---------- Working data ----------

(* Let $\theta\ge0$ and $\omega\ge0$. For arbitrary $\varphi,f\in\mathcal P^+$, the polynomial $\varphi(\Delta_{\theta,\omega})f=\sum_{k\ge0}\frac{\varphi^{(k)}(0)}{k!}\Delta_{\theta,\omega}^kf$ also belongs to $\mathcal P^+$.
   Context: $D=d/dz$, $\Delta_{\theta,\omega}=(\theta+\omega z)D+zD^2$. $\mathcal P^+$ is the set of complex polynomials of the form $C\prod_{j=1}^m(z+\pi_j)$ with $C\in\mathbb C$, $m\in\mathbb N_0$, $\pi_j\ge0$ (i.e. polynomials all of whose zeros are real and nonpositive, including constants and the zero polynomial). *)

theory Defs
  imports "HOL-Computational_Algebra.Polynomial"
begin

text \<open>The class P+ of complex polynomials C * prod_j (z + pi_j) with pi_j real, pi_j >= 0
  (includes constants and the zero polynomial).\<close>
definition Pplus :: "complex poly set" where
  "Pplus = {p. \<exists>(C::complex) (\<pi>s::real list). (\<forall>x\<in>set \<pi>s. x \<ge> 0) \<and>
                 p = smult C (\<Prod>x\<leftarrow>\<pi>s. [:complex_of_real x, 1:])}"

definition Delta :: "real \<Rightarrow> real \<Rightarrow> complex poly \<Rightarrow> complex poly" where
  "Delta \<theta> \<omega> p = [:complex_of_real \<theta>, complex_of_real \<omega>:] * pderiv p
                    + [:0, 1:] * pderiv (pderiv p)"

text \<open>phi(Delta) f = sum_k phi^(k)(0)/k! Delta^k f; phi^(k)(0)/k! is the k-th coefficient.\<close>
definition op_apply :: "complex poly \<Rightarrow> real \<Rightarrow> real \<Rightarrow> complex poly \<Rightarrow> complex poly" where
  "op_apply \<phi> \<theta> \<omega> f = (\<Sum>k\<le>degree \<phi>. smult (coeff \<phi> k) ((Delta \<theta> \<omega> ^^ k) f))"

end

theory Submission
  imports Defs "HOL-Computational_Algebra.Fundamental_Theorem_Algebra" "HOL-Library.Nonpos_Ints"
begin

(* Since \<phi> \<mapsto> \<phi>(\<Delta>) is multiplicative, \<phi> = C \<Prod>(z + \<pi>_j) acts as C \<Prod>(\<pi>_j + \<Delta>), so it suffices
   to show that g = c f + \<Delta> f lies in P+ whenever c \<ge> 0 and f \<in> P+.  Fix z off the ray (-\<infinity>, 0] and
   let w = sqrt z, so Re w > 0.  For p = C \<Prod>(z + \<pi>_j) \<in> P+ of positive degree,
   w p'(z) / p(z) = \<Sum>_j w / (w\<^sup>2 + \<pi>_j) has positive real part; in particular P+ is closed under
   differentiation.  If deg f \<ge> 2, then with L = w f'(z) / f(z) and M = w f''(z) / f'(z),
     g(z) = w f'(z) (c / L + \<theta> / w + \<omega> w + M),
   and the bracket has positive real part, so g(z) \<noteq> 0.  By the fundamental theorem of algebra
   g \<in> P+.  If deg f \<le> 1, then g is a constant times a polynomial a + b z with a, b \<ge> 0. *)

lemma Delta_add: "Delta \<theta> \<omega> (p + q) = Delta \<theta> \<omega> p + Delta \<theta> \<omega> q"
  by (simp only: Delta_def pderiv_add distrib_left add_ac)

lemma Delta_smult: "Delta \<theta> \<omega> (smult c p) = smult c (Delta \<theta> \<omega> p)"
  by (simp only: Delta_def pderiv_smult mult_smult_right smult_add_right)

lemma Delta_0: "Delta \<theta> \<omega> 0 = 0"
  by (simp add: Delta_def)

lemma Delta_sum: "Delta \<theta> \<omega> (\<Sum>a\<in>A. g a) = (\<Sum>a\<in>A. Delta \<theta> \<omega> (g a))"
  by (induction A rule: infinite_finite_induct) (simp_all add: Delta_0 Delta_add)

----------

Please give the number of lines in the data above where the word "Rightarrow" appears, and nothing besides.

* **Solution for this problem**: 2